방법 (600) 은 608 에서, 제 1 에너지 메트릭 및 제 2 에너지 메트릭에 기초하여, 오디오 프레임을 대역 제한된 컨텐츠와 연관되는 것으로서 분류할 것인지 여부를 결정하는 것을 더 포함한다. 대역 제한된 컨텐츠는 오디오 프레임의 협대역 컨텐츠 (예컨대, 저대역 컨텐츠) 에 대응할 수도 있다. 오디오 프레임의 고대역 내에 포함된 컨텐츠는 스펙트럼 에너지 누설과 연설될 수도 있다. 제 1 서브-범위는 다수의 제 1 대역들을 포함할 수도 있다. 다수의 제 1 대역들의 각각의 대역은 동일한 대역폭을 가질 수도 있고, 제 1 에너지 메트릭을 결정하는 것은 다수의 제 1 대역들의 2 개 이상의 대역들의 평균 에너지 값을 계산하는 것을 포함할 수도 있다. 제 2 서브-범위는 다수의 제 2 대역들을 포함할 수도 있다. 다수의 제 2 대역들의 각각의 대역은 동일한 대역폭을 가질 수도 있고, 제 2 에너지 메트릭을 결정하는 것은 다수의 제 2 대역들의 피크 에너지 값을 결정하는 것을 포함할 수도 있다.The method 600 further includes, at 608 , determining whether to classify the audio frame as being associated with band limited content based on the first energy metric and the second energy metric. Band-limited content may correspond to narrow-band content (eg, low-band content) of an audio frame. Content contained within the high band of an audio frame may be addressed with spectral energy leakage. The first sub-range may include a plurality of first bands. Each band of the first plurality of bands may have the same bandwidth, and determining the first energy metric may include calculating an average energy value of two or more bands of the first plurality of bands. The second sub-range may include a plurality of second bands. Each band of the second plurality of bands may have the same bandwidth, and determining the second energy metric may include determining a peak energy value of the second plurality of bands.

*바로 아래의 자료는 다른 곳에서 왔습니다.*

(* \textsc{IN3DM} reduces to \textsc{Position Matching} in polynomial time.
   Context: \textsc{IN3DM}: given a multiset of positive integers $A=\{a_1,\dots,a_n\}$, the set $B=\{1,\dots,n\}$ and a multiset of positive integers $T=\{t_1,\dots,t_n\}$, decide whether there is $M\subseteq A\times B\times T$ in which every element of $A$, $B$, $T$ occurs exactly once and every triple $(a,b,t)\in M$ satisfies $a+b\ge t$. The discretized sequence $\langle a_1,\dots,a_n\rangle$ of a non-decreasing sequence $\langle d_1,\dots,d_n\rangle$ is given by $a_n=d_n$, $a_i=\min\{a_{i+1}-1,d_i\}$ for $i<n$. \textsc{Position Matching}: given a non-decreasing sequence $D=\langle d_1,\dots,d_n\rangle$ of positive integers, its discretized sequence $A=\langle a_1,\dots,a_n\rangle$, and a set $T$ of $n$ distinct positive integers, decide whether there is $M\subseteq D\times A\times T$ in which every element of $D$, $A$, $T$ occurs exactly once and every triple $(d,a,t)\in M$ satisfies $d\ge a$ and $d+a\ge t$. *)

theory Defs
  imports Main "HOL-Library.Multiset"
begin

text \<open>IN3DM instance: lists a = (a_1..a_n), t = (t_1..t_n) of positive integers
 (the multisets A and T); B = {1..n}.\<close>

definition in3dm_inst :: "nat list \<Rightarrow> nat list \<Rightarrow> bool" where
  "in3dm_inst a t \<longleftrightarrow> length a = length t \<and> (\<forall>x\<in>set a. 0 < x) \<and> (\<forall>x\<in>set t. 0 < x)"

definition in3dm :: "nat list \<Rightarrow> nat list \<Rightarrow> bool" where
  "in3dm a t \<longleftrightarrow> (\<exists>M :: (nat \<times> nat \<times> nat) multiset.
      image_mset fst M = mset a \<and>
      image_mset (fst \<circ> snd) M = mset [1..<Suc (length a)] \<and>
      image_mset (snd \<circ> snd) M = mset t \<and>
      (\<forall>(x, y, z) \<in># M. z \<le> x + y))"

text \<open>Discretized sequence: a_n = d_n, a_i = min (a_(i+1) - 1) d_i (values may be \<le> 0).\<close>

definition discretize :: "int list \<Rightarrow> int list" where
  "discretize ds = foldr (\<lambda>d acc. case acc of [] \<Rightarrow> [d] | x # _ \<Rightarrow> min (x - 1) d # acc) ds []"

definition pm_inst :: "nat list \<Rightarrow> nat list \<Rightarrow> bool" where
  "pm_inst D T \<longleftrightarrow> length D = length T \<and> sorted D \<and> (\<forall>d\<in>set D. 0 < d) \<and>
      distinct T \<and> (\<forall>x\<in>set T. 0 < x)"

definition pos_match :: "nat list \<Rightarrow> nat list \<Rightarrow> bool" where
  "pos_match D T \<longleftrightarrow> (\<exists>M :: (int \<times> int \<times> int) multiset.
      image_mset fst M = mset (map int D) \<and>
      image_mset (fst \<circ> snd) M = mset (discretize (map int D)) \<and>
      image_mset (snd \<circ> snd) M = mset (map int T) \<and>
      (\<forall>(d, x, y) \<in># M. x \<le> d \<and> y \<le> d + x))"

text \<open>Without multiplication this model is polynomially equivalent
 to Turing machines.\<close>

datatype aexp = N nat | Mem aexp | Plus aexp aexp | Minus aexp aexp

primrec aval :: "aexp \<Rightarrow> (nat \<Rightarrow> nat) \<Rightarrow> nat" where
  "aval (N c) m = c"
| "aval (Mem e) m = m (aval e m)"
| "aval (Plus e1 e2) m = aval e1 m + aval e2 m"
| "aval (Minus e1 e2) m = aval e1 m - aval e2 m"

datatype com = SKIP | Assign aexp aexp | Seq com com | If aexp com com | While aexp com

inductive big_step :: "com \<Rightarrow> (nat \<Rightarrow> nat) \<Rightarrow> nat \<Rightarrow> (nat \<Rightarrow> nat) \<Rightarrow> bool" where
  Skip: "big_step SKIP m 1 m"
| Assign: "big_step (Assign a e) m 1 (m(aval a m := aval e m))"
| Seq: "big_step c1 m k1 m1 \<Longrightarrow> big_step c2 m1 k2 m2 \<Longrightarrow> big_step (Seq c1 c2) m (k1 + k2) m2"
| IfT: "aval b m \<noteq> 0 \<Longrightarrow> big_step c1 m k m' \<Longrightarrow> big_step (If b c1 c2) m (Suc k) m'"
| IfF: "aval b m = 0 \<Longrightarrow> big_step c2 m k m' \<Longrightarrow> big_step (If b c1 c2) m (Suc k) m'"
| WhileF: "aval b m = 0 \<Longrightarrow> big_step (While b c) m 1 m"
| WhileT: "aval b m \<noteq> 0 \<Longrightarrow> big_step c m k1 m1 \<Longrightarrow> big_step (While b c) m1 k2 m2 \<Longrightarrow>
     big_step (While b c) m (Suc (k1 + k2)) m2"

definition enc_in :: "nat list \<Rightarrow> nat list \<Rightarrow> nat \<Rightarrow> nat" where
  "enc_in a t = (\<lambda>j. if j = 0 then length a
                     else if j \<le> length a then a ! (j - 1)
                     else if j \<le> 2 * length a then t ! (j - 1 - length a)
                     else 0)"

definition out_D :: "(nat \<Rightarrow> nat) \<Rightarrow> nat list" where
  "out_D m = map (\<lambda>i. m (Suc i)) [0..<m 0]"

definition out_T :: "(nat \<Rightarrow> nat) \<Rightarrow> nat list" where
  "out_T m = map (\<lambda>i. m (Suc (m 0 + i))) [0..<m 0]"

fun bitlen :: "nat \<Rightarrow> nat" where
  "bitlen n = (if n = 0 then 0 else Suc (bitlen (n div 2)))"

definition in3dm_size :: "nat list \<Rightarrow> nat list \<Rightarrow> nat" where
  "in3dm_size a t = length a + sum_list (map bitlen a) + sum_list (map bitlen t)"

end

(* Sort the 2n entries of a and t, truncate every gap between consecutive values at K = n + 1
   and scale by K. This preserves each comparison t_j <= a_i + b with b <= n and makes all values
   polynomial in n. The compressed a_i are the entries of D that matter, the positions 1 + K b of
   the discretized sequence play the role of b, and the compressed t_j (shifted by -j to make them
   distinct) are targets. All other entries of the discretized sequence 2, 3, ... are absorbed:
   each filler f is matched with the entry f and the target 2f, and a block of equal large values
   V is matched with the top of the discretized sequence and the largest targets. A while-program
   computes this instance in O(n^3) steps. *)

theory Submission
  imports Defs
begin

definition matching ::
    "('a \<Rightarrow> 'b \<Rightarrow> 'c \<Rightarrow> bool) \<Rightarrow> 'a multiset \<Rightarrow> 'b multiset \<Rightarrow> 'c multiset \<Rightarrow> bool" where
  "matching R A B C \<longleftrightarrow> (\<exists>M. image_mset fst M = A \<and> image_mset (fst \<circ> snd) M = B \<and>
      image_mset (snd \<circ> snd) M = C \<and> (\<forall>(x, y, z) \<in># M. R x y z))"

lemma in3dm_iff_matching:
  "in3dm a t \<longleftrightarrow> matching (\<lambda>x y z. z \<le> x + y) (mset a) (mset [1..<Suc (length a)]) (mset t)"
  unfolding in3dm_def matching_def ..

definition pm_rel :: "int \<Rightarrow> int \<Rightarrow> int \<Rightarrow> bool" where
  "pm_rel d x y \<longleftrightarrow> x \<le> d \<and> y \<le> d + x"

lemma pos_match_iff_matching:
  "pos_match D T \<longleftrightarrow>
     matching pm_rel (mset (map int D)) (mset (discretize (map int D))) (mset (map int T))"
  unfolding pos_match_def matching_def pm_rel_def ..

lemma matching_cong:
  assumes "\<And>x y z. x \<in># A \<Longrightarrow> y \<in># B \<Longrightarrow> z \<in># C \<Longrightarrow> R x y z \<longleftrightarrow> R' x y z"
  shows "matching R A B C \<longleftrightarrow> matching R' A B C"
proof -
  have "(\<forall>(x, y, z) \<in># M. R x y z) \<longleftrightarrow> (\<forall>(x, y, z) \<in># M. R' x y z)"
    if "image_mset fst M = A" "image_mset (fst \<circ> snd) M = B" "image_mset (snd \<circ> snd) M = C" for M
    using assms that by force
  then show ?thesis
    unfolding matching_def by blast
qed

일부 구현예들에서, 제 1 서브-범위 및 제 2 서브-범위는 상호 배타적일 수도 있다. 예를 들어, 제 1 서브-범위 및 제 2 서브-범위는 주파수 범위의 전이 대역에 의해 분리될 수도 있다. 전이 대역은 고대역과 연관될 수도 있다.In some implementations, the first sub-range and the second sub-range may be mutually exclusive. For example, the first sub-range and the second sub-range may be separated by a transition band of the frequency range. A transition band may be associated with a high band.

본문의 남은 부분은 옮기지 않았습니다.